Collected data entries:
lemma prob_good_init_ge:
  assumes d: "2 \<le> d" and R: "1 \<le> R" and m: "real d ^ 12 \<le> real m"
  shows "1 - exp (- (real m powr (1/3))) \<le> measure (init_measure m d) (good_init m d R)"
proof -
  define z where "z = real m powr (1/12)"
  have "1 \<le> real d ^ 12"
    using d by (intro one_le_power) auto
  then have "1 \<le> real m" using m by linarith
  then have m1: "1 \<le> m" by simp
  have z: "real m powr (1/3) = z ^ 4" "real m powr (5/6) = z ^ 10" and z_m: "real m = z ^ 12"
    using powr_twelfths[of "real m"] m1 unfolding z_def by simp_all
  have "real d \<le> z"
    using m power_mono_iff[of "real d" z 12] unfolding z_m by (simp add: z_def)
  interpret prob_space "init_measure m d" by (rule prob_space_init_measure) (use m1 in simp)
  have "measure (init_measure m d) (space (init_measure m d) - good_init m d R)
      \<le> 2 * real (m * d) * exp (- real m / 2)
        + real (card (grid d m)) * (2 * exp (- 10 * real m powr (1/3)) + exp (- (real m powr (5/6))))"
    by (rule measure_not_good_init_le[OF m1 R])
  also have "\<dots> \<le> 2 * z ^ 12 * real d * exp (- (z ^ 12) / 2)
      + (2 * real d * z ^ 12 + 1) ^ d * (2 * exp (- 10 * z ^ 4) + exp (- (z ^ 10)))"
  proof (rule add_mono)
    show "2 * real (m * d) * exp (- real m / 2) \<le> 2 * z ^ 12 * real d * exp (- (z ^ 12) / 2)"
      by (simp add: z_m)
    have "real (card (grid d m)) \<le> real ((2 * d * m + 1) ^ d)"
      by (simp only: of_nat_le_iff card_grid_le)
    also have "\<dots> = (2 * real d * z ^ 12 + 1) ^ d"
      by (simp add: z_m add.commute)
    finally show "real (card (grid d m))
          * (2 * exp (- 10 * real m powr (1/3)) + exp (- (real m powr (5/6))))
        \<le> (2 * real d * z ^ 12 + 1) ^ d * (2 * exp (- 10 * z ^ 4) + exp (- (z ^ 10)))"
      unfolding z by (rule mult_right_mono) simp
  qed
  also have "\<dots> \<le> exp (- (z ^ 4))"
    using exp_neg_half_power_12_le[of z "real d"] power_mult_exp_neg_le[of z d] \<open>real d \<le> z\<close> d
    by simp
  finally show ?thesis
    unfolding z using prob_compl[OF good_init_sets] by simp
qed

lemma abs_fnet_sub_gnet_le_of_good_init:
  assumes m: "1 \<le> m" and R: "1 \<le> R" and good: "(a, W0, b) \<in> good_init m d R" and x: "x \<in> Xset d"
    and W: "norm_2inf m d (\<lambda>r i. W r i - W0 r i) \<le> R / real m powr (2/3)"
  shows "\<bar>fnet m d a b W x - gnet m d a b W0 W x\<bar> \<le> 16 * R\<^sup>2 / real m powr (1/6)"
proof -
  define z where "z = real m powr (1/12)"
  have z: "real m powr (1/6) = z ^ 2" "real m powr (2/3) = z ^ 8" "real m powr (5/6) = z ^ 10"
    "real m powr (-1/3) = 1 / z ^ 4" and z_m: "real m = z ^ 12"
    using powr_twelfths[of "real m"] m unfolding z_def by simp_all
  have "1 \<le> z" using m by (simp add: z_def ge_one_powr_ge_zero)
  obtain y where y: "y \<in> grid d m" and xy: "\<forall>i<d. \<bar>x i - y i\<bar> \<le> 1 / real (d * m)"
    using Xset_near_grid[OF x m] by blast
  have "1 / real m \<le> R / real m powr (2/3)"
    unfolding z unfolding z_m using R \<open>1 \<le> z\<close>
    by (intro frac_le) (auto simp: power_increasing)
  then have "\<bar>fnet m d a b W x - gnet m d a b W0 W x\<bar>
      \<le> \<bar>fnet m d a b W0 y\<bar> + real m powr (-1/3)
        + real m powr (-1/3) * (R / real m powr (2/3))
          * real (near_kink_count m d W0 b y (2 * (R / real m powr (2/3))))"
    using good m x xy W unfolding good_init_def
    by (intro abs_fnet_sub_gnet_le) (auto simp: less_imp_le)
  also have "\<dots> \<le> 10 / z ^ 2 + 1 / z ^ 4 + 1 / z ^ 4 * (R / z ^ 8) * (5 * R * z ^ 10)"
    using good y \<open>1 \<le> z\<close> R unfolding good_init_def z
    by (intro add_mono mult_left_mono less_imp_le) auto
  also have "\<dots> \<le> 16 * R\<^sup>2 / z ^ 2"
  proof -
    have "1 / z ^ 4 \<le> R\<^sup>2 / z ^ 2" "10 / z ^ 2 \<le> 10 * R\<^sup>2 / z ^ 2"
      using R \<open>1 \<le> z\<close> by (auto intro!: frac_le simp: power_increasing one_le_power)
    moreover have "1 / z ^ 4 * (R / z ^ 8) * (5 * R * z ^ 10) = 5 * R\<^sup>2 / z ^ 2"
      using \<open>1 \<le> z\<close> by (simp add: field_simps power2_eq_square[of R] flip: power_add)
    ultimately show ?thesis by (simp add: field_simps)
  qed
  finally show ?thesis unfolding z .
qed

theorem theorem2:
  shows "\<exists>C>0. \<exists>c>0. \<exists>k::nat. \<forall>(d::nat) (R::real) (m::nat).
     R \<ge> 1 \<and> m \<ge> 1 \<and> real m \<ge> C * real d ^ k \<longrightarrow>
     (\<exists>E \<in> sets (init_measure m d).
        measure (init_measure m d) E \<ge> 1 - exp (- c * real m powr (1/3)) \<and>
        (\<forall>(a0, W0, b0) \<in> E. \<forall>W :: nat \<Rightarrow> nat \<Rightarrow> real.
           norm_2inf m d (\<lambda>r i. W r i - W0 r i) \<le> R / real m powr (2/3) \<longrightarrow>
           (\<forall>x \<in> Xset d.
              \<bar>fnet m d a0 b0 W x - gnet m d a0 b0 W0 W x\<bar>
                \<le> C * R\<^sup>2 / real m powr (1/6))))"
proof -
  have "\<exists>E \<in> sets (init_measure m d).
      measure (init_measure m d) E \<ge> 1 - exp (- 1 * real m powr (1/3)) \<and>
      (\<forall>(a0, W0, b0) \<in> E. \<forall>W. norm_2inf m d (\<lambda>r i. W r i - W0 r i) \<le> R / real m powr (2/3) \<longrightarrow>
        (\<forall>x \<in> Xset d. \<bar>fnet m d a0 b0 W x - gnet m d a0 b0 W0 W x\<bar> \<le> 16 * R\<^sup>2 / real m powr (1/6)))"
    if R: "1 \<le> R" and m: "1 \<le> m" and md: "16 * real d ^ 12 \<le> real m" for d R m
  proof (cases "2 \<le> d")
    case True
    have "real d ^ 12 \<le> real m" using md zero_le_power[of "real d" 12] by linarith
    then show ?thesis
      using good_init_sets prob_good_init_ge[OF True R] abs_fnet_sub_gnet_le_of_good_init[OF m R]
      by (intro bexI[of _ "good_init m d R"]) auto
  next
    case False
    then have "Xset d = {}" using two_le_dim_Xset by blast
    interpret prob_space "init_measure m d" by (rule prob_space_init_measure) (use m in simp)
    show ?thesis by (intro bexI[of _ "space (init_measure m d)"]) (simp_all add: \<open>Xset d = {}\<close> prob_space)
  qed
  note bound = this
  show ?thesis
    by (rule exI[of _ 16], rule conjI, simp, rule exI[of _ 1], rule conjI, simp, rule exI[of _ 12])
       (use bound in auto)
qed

...

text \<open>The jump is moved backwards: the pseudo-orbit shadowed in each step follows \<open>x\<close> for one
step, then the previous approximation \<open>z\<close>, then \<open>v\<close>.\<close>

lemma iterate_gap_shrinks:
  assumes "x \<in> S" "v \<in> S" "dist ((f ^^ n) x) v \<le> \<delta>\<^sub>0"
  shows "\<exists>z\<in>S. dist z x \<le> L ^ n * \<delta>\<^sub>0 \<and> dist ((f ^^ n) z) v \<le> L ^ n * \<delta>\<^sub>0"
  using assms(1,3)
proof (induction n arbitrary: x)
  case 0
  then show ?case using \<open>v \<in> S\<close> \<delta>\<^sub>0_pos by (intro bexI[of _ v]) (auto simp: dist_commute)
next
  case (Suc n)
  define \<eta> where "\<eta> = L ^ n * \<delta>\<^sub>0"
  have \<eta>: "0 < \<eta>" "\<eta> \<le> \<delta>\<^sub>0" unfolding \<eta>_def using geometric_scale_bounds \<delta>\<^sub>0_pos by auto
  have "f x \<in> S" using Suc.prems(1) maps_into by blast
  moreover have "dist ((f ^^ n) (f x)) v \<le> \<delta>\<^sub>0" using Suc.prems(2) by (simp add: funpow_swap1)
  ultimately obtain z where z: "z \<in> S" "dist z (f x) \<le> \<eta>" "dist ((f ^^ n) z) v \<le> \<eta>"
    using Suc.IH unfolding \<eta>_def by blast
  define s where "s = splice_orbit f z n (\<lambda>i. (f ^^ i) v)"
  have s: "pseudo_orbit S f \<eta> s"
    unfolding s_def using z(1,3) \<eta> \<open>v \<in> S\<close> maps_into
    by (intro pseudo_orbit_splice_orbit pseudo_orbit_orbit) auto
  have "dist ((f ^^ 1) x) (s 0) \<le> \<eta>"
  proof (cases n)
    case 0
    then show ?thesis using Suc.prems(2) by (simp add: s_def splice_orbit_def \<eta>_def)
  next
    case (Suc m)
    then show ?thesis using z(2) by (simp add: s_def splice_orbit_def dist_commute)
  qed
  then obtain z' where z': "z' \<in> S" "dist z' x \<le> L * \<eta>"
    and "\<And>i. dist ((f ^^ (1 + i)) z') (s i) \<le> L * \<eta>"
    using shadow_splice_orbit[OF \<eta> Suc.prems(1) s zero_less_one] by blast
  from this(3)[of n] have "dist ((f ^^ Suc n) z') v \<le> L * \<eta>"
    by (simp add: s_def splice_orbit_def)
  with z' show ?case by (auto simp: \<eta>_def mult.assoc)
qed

*Task item*:
Which lines above run from the one containing "finally show ?thesis unfolding z ." down to the one containing "R \<ge> 1 \<and>"? Repeat exactly those, both ends included, and nothing else.

*Answer for this exercise*:
  finally show ?thesis unfolding z .
qed

theorem theorem2:
  shows "\<exists>C>0. \<exists>c>0. \<exists>k::nat. \<forall>(d::nat) (R::real) (m::nat).
     R \<ge> 1 \<and> m \<ge> 1 \<and> real m \<ge> C * real d ^ k \<longrightarrow>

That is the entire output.